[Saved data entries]
--------------------------------------------------

lemma Mag_epowr_le_dyadic_sum:
  assumes \<gamma>: "\<gamma> < 2 + \<alpha>" and q: "q > 0"
  shows "epowr (Mag \<alpha> \<gamma> f z) q \<le> ennreal (4 powr ((2 + \<alpha> - \<gamma>) * q)) *
     (\<integral>\<^sup>+j. epowr (frac_average \<alpha> (2 + \<alpha> - \<gamma>) f j) q * indicator (dyadic_box j) z \<partial>count_space UNIV)"
proof -
  define \<kappa> where "\<kappa> = 2 + \<alpha> - \<gamma>"
  define c where "c = (4::real) powr \<kappa>"
  define T where "T = (\<integral>\<^sup>+j. epowr (frac_average \<alpha> \<kappa> f j) q * indicator (dyadic_box j) z \<partial>count_space UNIV)"
  have \<kappa>: "\<kappa> > 0" using \<gamma> by (simp add: \<kappa>_def)
  have "Mag \<alpha> \<gamma> f z \<le> epowr (ennreal (c powr q) * T) (1/q)"
    unfolding Mag_def
  proof (rule SUP_least)
    fix I assume "I \<in> {I. real_interval I \<and> z \<in> Qbox I}"
    then have I: "real_interval I" and zI: "z \<in> Qbox I" by auto
    obtain n m where sub: "Qbox I \<subseteq> dyadic_box (n, m)" and len: "dyadic_len n \<le> 4 * ilen I"
      using Qbox_subset_dyadic_box[OF I] .
    have "ilen I powr (-\<kappa>) \<le> (dyadic_len n / 4) powr (-\<kappa>)"
      by (rule powr_mono2') (use len \<kappa> in auto)
    also have "\<dots> = c * dyadic_len n powr (-\<kappa>)"
      by (simp add: c_def powr_divide powr_minus_divide)
    finally have "ilen I powr (-\<kappa>) \<le> c * dyadic_len n powr (-\<kappa>)" .
    moreover have "(\<integral>\<^sup>+ w. indicator (Qbox I) w * ennreal (norm (f w)) \<partial>dV \<alpha>) \<le>
        (\<integral>\<^sup>+ w. indicator (dyadic_box (n, m)) w * ennreal (norm (f w)) \<partial>dV \<alpha>)"
      using sub by (intro nn_integral_mono) (auto simp: indicator_def)
    ultimately have "ennreal (ilen I powr (-\<kappa>)) * (\<integral>\<^sup>+ w. indicator (Qbox I) w * ennreal (norm (f w)) \<partial>dV \<alpha>)
        \<le> ennreal (c * dyadic_len n powr (-\<kappa>)) * (\<integral>\<^sup>+ w. indicator (dyadic_box (n, m)) w * ennreal (norm (f w)) \<partial>dV \<alpha>)"
      by (intro mult_mono ennreal_leI) auto
    also have "\<dots> = ennreal c * frac_average \<alpha> \<kappa> f (n, m)"
      by (simp add: frac_average_def c_def ennreal_mult mult.assoc)
    finally have "ennreal (ilen I powr (-\<kappa>)) * (\<integral>\<^sup>+ w. indicator (Qbox I) w * ennreal (norm (f w)) \<partial>dV \<alpha>)
        \<le> ennreal c * frac_average \<alpha> \<kappa> f (n, m)" .
    then have "epowr (ennreal (ilen I powr (-\<kappa>)) * (\<integral>\<^sup>+ w. indicator (Qbox I) w * ennreal (norm (f w)) \<partial>dV \<alpha>)) q
        \<le> ennreal (c powr q) * epowr (frac_average \<alpha> \<kappa> f (n, m)) q"
      using q by (metis epowr_mono epowr_cmult c_def powr_ge_zero)
    also have "epowr (frac_average \<alpha> \<kappa> f (n, m)) q \<le> T"
      using nn_integral_count_space_ge_point[of "\<lambda>j. epowr (frac_average \<alpha> \<kappa> f j) q * indicator (dyadic_box j) z" "(n, m)"]
        sub zI by (auto simp: T_def)
    finally show "ennreal (ilen I powr (-(2 + \<alpha> - \<gamma>))) * (\<integral>\<^sup>+ w. indicator (Qbox I) w * ennreal (norm (f w)) \<partial>dV \<alpha>)
        \<le> epowr (ennreal (c powr q) * T) (1/q)"
      using q by (intro epowr_le_imp_le_epowr_inverse) (auto simp: \<kappa>_def mult_left_mono)
  qed
  then have "epowr (Mag \<alpha> \<gamma> f z) q \<le> epowr (epowr (ennreal (c powr q) * T) (1/q)) q"
    using q by (intro epowr_mono) auto
  then show ?thesis
    using q by (simp add: epowr_epowr c_def powr_powr T_def \<kappa>_def)
qed

lemma nn_integral_Mag_le_dyadic_sum:
  assumes "\<gamma> < 2 + \<alpha>" and "q > 0" and mu_sets: "sets \<mu> = sets borel"
  shows "(\<integral>\<^sup>+z. epowr (Mag \<alpha> \<gamma> f z) q \<partial>\<mu>) \<le> ennreal (4 powr ((2 + \<alpha> - \<gamma>) * q)) *
     (\<integral>\<^sup>+j. epowr (frac_average \<alpha> (2 + \<alpha> - \<gamma>) f j) q * emeasure \<mu> (dyadic_box j) \<partial>count_space UNIV)"
proof -
  define c where "c = ennreal (4 powr ((2 + \<alpha> - \<gamma>) * q))"
  define B where "B j = epowr (frac_average \<alpha> (2 + \<alpha> - \<gamma>) f j) q" for j
  have [measurable]: "dyadic_box j \<in> sets \<mu>" for j using mu_sets by simp
  have "(\<integral>\<^sup>+z. epowr (Mag \<alpha> \<gamma> f z) q \<partial>\<mu>) \<le> (\<integral>\<^sup>+z. \<integral>\<^sup>+j. c * (B j * indicator (dyadic_box j) z) \<partial>count_space UNIV \<partial>\<mu>)"
    using Mag_epowr_le_dyadic_sum[OF assms(1,2)]
    by (intro nn_integral_mono) (simp add: nn_integral_cmult c_def B_def)
  also have "\<dots> = (\<integral>\<^sup>+j. \<integral>\<^sup>+z. c * B j * indicator (dyadic_box j) z \<partial>\<mu> \<partial>count_space UNIV)"
    by (subst nn_integral_count_space_nn_integral) (auto simp: mult.assoc)
  also have "\<dots> = (\<integral>\<^sup>+j. c * (B j * emeasure \<mu> (dyadic_box j)) \<partial>count_space UNIV)"
  proof (intro nn_integral_cong)
    fix j
    have "(\<integral>\<^sup>+z. c * B j * indicator (dyadic_box j) z \<partial>\<mu>) = c * B j * emeasure \<mu> (dyadic_box j)"
      by (rule nn_integral_cmult_indicator) simp
    then show "(\<integral>\<^sup>+z. c * B j * indicator (dyadic_box j) z \<partial>\<mu>) = c * (B j * emeasure \<mu> (dyadic_box j))"
      by (simp add: mult.assoc)
  qed
  also have "\<dots> = c * (\<integral>\<^sup>+j. B j * emeasure \<mu> (dyadic_box j) \<partial>count_space UNIV)"
    by (rule nn_integral_cmult) simp
  finally show ?thesis by (simp add: c_def B_def)
qed

definition dyadic_energy :: "complex measure \<Rightarrow> real \<Rightarrow> (complex \<Rightarrow> real) \<Rightarrow> int \<times> int \<Rightarrow> ennreal" where
  "dyadic_energy M \<epsilon> g j =
     ennreal (dyadic_len (fst j) powr (-\<epsilon>)) * (\<integral>\<^sup>+z. indicator (dyadic_box j) z * ennreal (g z * Im z powr \<epsilon>) \<partial>M)"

--------------------------------------------------

(GOAL OF THE EXERCISE) Up to and including the line with "(-\<kappa>) \<le> (dyadic_len", transcribe the entries above exactly, starting from their first line.

(SOLUTION TO THE EXERCISE)
lemma Mag_epowr_le_dyadic_sum:
  assumes \<gamma>: "\<gamma> < 2 + \<alpha>" and q: "q > 0"
  shows "epowr (Mag \<alpha> \<gamma> f z) q \<le> ennreal (4 powr ((2 + \<alpha> - \<gamma>) * q)) *
     (\<integral>\<^sup>+j. epowr (frac_average \<alpha> (2 + \<alpha> - \<gamma>) f j) q * indicator (dyadic_box j) z \<partial>count_space UNIV)"
proof -
  define \<kappa> where "\<kappa> = 2 + \<alpha> - \<gamma>"
  define c where "c = (4::real) powr \<kappa>"
  define T where "T = (\<integral>\<^sup>+j. epowr (frac_average \<alpha> \<kappa> f j) q * indicator (dyadic_box j) z \<partial>count_space UNIV)"
  have \<kappa>: "\<kappa> > 0" using \<gamma> by (simp add: \<kappa>_def)
  have "Mag \<alpha> \<gamma> f z \<le> epowr (ennreal (c powr q) * T) (1/q)"
    unfolding Mag_def
  proof (rule SUP_least)
    fix I assume "I \<in> {I. real_interval I \<and> z \<in> Qbox I}"
    then have I: "real_interval I" and zI: "z \<in> Qbox I" by auto
    obtain n m where sub: "Qbox I \<subseteq> dyadic_box (n, m)" and len: "dyadic_len n \<le> 4 * ilen I"
      using Qbox_subset_dyadic_box[OF I] .
    have "ilen I powr (-\<kappa>) \<le> (dyadic_len n / 4) powr (-\<kappa>)"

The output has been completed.